━━━ EXERCISE MATERIALS
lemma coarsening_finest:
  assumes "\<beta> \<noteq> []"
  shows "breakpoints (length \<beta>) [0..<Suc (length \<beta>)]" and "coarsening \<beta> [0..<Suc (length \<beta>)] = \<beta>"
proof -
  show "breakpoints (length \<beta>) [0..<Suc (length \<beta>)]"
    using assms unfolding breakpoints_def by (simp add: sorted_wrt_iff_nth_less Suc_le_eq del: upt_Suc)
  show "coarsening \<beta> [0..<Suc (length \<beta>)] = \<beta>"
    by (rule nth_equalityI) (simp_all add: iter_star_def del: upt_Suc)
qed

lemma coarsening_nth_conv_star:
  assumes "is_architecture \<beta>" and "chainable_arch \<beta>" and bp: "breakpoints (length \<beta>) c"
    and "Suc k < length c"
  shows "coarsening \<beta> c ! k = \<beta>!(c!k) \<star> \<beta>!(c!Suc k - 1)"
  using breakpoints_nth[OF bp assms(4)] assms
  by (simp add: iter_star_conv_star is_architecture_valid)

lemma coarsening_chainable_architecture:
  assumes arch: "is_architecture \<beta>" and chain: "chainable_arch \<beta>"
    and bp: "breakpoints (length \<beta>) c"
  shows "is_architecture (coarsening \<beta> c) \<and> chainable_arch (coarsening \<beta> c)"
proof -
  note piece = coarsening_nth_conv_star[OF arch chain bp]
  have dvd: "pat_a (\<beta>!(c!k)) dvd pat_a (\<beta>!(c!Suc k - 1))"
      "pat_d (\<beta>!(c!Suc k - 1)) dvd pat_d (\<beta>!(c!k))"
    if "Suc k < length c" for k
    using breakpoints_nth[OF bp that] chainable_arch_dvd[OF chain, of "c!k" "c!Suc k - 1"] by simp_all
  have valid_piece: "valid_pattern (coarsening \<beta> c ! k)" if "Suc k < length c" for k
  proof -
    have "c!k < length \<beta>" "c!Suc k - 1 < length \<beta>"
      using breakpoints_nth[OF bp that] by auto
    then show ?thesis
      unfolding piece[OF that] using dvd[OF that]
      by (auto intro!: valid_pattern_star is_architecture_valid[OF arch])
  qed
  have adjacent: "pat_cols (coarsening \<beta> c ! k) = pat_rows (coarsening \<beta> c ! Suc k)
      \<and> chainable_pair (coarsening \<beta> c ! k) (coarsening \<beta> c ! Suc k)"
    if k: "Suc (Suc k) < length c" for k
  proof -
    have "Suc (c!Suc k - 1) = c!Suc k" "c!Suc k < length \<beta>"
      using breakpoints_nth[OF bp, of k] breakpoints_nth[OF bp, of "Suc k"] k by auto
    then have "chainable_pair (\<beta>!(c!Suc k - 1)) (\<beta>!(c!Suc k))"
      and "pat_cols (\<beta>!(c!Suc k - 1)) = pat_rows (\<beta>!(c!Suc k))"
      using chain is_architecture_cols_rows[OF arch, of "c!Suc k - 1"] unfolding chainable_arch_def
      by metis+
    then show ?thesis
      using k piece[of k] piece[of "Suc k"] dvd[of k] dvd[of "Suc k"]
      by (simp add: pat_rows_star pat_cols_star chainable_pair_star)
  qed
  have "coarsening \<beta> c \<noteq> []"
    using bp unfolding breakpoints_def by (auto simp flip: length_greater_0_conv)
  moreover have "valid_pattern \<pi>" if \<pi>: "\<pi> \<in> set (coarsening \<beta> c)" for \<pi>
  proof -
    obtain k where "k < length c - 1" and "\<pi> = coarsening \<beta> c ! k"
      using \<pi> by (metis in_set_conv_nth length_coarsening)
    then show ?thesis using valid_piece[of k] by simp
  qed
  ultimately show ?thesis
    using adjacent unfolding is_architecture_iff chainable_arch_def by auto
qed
━━━━━━
━━━ EXERCISE MATERIALS
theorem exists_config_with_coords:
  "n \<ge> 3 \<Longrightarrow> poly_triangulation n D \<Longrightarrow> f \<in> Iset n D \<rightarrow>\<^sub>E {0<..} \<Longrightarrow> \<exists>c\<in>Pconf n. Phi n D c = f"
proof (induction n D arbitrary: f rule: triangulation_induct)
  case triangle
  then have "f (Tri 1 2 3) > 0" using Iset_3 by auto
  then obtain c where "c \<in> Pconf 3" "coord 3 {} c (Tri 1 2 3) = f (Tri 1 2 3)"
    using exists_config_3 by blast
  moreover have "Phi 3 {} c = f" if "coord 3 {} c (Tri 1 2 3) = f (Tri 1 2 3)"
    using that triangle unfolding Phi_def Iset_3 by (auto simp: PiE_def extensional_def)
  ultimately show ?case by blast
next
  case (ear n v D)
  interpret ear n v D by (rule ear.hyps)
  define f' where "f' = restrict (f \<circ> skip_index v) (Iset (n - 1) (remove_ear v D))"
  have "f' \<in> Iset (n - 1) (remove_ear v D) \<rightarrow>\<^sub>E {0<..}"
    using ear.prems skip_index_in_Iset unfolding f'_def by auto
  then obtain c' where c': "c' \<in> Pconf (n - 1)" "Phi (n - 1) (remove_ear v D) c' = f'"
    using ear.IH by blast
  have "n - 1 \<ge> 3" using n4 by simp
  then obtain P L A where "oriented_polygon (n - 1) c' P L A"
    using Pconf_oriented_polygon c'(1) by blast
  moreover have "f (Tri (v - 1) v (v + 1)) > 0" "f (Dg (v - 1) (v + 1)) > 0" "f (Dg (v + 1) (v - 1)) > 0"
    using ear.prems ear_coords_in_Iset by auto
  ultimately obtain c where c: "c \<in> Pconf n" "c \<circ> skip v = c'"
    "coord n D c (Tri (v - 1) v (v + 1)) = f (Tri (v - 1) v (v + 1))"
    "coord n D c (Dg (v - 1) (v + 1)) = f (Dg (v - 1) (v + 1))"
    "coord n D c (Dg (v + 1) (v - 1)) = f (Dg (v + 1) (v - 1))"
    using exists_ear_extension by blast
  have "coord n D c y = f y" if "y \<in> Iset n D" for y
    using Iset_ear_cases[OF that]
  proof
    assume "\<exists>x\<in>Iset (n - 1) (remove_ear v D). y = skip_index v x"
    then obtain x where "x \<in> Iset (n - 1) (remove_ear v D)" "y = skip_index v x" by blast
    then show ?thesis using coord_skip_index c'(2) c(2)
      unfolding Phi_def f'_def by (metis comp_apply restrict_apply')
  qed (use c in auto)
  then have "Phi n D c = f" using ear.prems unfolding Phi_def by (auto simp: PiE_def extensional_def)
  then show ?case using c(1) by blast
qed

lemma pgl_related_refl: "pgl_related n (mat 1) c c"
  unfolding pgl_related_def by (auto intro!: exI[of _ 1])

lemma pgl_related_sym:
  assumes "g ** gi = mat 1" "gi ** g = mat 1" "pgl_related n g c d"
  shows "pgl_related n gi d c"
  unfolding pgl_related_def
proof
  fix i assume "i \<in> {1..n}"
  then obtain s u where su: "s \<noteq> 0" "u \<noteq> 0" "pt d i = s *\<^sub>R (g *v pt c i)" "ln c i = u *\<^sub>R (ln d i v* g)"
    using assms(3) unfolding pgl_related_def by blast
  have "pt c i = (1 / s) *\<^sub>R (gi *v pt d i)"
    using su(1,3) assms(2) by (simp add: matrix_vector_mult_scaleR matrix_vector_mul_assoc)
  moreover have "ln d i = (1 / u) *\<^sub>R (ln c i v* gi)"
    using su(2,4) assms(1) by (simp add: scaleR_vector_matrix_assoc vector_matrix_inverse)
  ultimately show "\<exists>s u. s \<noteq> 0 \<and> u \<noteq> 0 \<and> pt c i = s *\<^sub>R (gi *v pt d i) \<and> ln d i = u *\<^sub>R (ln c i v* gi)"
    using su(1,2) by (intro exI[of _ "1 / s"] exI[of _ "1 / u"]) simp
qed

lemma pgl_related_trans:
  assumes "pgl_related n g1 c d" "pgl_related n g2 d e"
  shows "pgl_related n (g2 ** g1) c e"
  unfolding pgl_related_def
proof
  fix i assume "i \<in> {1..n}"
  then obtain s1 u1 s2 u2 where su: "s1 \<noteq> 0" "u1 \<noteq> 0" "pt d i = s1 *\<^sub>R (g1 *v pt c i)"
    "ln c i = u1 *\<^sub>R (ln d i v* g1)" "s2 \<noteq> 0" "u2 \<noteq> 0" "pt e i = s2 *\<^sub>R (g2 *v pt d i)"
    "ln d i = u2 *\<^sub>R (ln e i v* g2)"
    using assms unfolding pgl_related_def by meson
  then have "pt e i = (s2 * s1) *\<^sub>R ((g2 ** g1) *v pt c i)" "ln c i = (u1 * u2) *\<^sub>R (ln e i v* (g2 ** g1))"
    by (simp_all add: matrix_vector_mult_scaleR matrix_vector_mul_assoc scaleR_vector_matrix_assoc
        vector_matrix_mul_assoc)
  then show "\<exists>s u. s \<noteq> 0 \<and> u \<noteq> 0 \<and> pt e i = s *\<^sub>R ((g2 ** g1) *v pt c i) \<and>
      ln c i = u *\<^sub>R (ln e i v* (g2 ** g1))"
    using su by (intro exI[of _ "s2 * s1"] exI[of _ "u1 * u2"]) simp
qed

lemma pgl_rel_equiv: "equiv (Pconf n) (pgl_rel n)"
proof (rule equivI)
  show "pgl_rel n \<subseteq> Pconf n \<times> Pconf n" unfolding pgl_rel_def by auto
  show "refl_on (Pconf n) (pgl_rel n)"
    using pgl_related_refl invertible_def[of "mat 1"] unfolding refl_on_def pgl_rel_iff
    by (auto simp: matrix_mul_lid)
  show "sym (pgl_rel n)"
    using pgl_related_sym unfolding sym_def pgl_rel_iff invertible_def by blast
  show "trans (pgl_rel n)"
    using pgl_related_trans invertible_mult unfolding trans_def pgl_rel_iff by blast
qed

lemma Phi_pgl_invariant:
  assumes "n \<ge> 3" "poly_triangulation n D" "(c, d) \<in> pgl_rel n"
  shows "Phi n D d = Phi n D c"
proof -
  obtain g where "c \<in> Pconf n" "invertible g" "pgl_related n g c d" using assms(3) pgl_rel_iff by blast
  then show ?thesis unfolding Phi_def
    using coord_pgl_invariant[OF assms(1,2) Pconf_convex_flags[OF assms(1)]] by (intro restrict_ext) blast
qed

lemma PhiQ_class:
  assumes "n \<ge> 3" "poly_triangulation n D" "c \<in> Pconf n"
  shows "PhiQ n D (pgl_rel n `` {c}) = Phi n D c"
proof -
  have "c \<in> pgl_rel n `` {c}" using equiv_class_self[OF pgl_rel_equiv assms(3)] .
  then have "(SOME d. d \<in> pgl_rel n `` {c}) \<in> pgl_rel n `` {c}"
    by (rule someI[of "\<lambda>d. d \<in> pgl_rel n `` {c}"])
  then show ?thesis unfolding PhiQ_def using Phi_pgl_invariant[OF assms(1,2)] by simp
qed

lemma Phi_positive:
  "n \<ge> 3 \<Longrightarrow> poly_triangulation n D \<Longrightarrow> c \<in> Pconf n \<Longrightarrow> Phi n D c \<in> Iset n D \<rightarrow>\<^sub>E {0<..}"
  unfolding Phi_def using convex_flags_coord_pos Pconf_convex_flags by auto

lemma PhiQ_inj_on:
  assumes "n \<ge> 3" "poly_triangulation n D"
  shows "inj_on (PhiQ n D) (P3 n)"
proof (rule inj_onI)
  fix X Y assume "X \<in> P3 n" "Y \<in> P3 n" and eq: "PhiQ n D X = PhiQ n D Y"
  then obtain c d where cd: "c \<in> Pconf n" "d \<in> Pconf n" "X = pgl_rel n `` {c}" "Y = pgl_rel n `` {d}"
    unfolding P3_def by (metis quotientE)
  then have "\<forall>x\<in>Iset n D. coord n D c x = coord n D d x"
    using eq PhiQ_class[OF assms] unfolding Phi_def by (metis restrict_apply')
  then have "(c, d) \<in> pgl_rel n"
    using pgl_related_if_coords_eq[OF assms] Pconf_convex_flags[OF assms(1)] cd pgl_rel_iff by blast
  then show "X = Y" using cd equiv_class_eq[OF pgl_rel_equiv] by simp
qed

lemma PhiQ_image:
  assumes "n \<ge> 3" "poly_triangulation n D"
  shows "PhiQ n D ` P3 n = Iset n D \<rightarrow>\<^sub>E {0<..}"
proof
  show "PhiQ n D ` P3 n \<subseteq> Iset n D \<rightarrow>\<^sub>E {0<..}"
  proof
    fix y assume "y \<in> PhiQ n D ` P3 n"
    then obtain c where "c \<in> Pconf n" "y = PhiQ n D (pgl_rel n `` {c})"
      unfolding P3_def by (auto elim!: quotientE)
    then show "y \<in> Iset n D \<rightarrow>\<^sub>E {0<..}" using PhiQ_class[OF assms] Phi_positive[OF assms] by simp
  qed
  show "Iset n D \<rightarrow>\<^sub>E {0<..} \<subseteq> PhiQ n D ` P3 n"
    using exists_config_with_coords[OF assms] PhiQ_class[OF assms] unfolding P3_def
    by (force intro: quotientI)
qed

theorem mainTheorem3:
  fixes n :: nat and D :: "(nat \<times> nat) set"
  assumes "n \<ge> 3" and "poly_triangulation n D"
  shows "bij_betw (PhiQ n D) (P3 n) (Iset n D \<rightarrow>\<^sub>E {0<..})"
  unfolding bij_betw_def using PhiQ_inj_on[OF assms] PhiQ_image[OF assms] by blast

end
━━━━━━
> PROBLEM TO WORK ON:
Every line above from the line with "then obtain P" to the line with "c (Dg (v - 1)", inclusive, must be returned exactly; no other line belongs in the reply.

> ANSWER BOX:
  then obtain P L A where "oriented_polygon (n - 1) c' P L A"
    using Pconf_oriented_polygon c'(1) by blast
  moreover have "f (Tri (v - 1) v (v + 1)) > 0" "f (Dg (v - 1) (v + 1)) > 0" "f (Dg (v + 1) (v - 1)) > 0"
    using ear.prems ear_coords_in_Iset by auto
  ultimately obtain c where c: "c \<in> Pconf n" "c \<circ> skip v = c'"
    "coord n D c (Tri (v - 1) v (v + 1)) = f (Tri (v - 1) v (v + 1))"
    "coord n D c (Dg (v - 1) (v + 1)) = f (Dg (v - 1) (v + 1))"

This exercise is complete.